### Work task
Below is a listing. Set down exactly the lines from the one containing "product plays the" through the one containing "text \<open>Levi-Civita connection", both ends included, and leave out the rest.

** Dataset excerpts follows **

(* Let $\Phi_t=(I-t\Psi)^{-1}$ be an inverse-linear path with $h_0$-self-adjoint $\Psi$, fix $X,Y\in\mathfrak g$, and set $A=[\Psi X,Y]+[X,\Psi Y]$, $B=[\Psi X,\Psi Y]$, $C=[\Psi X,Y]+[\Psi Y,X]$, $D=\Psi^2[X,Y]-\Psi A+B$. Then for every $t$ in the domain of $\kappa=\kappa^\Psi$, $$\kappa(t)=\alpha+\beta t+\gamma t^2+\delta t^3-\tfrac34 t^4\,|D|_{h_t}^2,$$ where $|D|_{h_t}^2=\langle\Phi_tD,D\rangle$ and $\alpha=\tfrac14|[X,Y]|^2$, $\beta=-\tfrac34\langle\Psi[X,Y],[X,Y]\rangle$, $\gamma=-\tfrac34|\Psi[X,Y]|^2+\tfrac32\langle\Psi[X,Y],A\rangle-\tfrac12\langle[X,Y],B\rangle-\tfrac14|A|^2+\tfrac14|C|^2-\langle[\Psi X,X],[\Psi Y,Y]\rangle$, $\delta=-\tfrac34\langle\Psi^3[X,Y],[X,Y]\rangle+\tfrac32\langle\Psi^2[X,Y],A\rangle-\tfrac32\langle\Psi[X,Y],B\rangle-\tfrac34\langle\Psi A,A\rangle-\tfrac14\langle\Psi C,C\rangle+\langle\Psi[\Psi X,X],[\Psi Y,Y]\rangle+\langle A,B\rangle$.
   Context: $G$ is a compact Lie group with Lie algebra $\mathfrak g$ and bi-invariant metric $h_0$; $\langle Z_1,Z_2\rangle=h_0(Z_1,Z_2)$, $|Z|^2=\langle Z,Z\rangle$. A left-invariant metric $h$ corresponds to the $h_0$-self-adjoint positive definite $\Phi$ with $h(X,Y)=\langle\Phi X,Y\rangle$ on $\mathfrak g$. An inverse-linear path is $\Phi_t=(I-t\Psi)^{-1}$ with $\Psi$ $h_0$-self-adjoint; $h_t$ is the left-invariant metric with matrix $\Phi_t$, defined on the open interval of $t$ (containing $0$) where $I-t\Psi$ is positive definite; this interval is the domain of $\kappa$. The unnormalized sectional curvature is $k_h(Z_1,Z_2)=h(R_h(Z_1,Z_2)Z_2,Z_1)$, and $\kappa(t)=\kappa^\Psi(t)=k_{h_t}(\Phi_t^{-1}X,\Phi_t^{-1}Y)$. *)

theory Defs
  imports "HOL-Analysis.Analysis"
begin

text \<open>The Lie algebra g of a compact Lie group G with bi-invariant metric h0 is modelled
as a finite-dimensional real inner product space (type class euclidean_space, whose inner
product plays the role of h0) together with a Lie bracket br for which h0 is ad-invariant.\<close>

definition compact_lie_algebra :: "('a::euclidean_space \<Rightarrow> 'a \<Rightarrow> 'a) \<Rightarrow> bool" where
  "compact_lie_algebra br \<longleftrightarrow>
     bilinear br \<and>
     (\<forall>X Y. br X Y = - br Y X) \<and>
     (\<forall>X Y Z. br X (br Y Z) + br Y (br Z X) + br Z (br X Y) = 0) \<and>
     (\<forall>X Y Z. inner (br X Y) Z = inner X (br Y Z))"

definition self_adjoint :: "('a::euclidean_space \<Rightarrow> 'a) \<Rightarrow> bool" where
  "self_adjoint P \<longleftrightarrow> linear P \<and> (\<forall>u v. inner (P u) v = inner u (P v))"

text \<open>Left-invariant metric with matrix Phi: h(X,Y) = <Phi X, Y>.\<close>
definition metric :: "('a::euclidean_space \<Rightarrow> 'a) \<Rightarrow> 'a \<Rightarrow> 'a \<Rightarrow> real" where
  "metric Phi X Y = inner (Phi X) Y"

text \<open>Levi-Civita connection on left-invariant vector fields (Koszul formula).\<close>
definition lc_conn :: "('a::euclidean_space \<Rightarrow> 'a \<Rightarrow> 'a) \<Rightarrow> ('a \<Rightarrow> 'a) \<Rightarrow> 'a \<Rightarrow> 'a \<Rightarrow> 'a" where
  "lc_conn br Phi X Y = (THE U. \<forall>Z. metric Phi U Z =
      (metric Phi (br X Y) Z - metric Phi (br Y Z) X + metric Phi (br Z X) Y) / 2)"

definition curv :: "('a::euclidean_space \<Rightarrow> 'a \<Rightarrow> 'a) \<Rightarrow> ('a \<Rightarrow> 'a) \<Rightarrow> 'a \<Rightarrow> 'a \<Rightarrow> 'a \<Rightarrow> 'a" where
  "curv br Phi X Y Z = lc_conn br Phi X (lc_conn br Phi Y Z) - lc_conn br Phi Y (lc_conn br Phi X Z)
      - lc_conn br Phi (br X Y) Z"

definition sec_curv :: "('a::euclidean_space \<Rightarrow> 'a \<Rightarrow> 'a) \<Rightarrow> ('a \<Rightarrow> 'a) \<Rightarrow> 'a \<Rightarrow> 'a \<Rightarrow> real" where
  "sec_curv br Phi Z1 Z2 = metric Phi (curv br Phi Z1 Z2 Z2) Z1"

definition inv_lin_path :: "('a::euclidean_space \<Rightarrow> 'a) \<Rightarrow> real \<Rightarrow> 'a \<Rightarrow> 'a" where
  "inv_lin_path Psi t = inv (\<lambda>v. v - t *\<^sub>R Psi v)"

** End of Dataset excerpts **
** Dataset excerpts follows **

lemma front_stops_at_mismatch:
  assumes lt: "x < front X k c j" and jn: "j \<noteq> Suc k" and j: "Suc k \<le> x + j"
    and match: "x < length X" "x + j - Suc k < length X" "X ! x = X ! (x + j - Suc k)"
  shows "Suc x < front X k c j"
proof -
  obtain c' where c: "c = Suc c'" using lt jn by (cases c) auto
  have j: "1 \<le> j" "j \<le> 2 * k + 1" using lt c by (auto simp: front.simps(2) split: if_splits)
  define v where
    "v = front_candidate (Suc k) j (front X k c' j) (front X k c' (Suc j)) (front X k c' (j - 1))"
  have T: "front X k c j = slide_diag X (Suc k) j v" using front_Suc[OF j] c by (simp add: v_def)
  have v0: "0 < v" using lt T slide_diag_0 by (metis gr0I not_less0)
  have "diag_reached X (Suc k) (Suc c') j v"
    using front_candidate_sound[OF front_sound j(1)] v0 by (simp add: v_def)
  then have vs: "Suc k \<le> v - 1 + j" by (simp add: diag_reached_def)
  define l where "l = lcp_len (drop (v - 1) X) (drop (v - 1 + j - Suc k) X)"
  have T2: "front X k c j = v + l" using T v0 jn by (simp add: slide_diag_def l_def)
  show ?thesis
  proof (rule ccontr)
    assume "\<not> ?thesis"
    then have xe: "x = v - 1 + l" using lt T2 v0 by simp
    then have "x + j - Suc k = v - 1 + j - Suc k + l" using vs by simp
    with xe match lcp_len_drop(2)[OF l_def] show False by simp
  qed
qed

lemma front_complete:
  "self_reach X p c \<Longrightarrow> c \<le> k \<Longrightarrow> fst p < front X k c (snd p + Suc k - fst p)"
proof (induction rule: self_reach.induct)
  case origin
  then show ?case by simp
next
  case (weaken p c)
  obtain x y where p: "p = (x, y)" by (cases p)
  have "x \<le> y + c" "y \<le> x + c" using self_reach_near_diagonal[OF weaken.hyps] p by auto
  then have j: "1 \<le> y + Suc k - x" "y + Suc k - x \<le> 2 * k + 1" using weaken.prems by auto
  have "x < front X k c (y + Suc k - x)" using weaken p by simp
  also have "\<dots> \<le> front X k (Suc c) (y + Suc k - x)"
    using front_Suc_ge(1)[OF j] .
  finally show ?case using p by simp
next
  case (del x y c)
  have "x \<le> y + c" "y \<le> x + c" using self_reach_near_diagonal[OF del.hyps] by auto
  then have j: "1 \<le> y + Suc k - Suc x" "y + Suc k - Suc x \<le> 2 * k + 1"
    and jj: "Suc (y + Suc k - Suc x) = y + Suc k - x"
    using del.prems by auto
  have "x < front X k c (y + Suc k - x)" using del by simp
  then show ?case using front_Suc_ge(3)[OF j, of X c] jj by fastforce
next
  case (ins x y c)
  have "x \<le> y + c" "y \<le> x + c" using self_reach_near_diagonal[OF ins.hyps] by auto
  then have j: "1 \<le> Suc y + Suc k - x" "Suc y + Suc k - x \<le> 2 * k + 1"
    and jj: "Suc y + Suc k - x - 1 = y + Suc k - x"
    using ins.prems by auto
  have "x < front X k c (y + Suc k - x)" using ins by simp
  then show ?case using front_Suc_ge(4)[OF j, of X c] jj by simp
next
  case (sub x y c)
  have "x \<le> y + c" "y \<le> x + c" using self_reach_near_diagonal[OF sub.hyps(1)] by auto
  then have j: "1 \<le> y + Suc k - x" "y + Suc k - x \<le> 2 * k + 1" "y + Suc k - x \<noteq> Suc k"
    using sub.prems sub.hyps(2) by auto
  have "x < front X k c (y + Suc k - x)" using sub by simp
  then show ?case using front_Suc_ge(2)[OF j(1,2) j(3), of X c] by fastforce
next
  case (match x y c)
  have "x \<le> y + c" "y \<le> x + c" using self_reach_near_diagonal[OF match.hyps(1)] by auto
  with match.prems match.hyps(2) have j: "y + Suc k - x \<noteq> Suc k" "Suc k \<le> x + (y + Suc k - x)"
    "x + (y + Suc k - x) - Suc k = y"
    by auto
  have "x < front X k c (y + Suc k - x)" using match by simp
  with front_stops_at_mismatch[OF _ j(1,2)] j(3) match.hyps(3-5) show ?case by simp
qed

** End of Dataset excerpts **

### Response
product plays the role of h0) together with a Lie bracket br for which h0 is ad-invariant.\<close>

definition compact_lie_algebra :: "('a::euclidean_space \<Rightarrow> 'a \<Rightarrow> 'a) \<Rightarrow> bool" where
  "compact_lie_algebra br \<longleftrightarrow>
     bilinear br \<and>
     (\<forall>X Y. br X Y = - br Y X) \<and>
     (\<forall>X Y Z. br X (br Y Z) + br Y (br Z X) + br Z (br X Y) = 0) \<and>
     (\<forall>X Y Z. inner (br X Y) Z = inner X (br Y Z))"

definition self_adjoint :: "('a::euclidean_space \<Rightarrow> 'a) \<Rightarrow> bool" where
  "self_adjoint P \<longleftrightarrow> linear P \<and> (\<forall>u v. inner (P u) v = inner u (P v))"

text \<open>Left-invariant metric with matrix Phi: h(X,Y) = <Phi X, Y>.\<close>
definition metric :: "('a::euclidean_space \<Rightarrow> 'a) \<Rightarrow> 'a \<Rightarrow> 'a \<Rightarrow> real" where
  "metric Phi X Y = inner (Phi X) Y"

text \<open>Levi-Civita connection on left-invariant vector fields (Koszul formula).\<close>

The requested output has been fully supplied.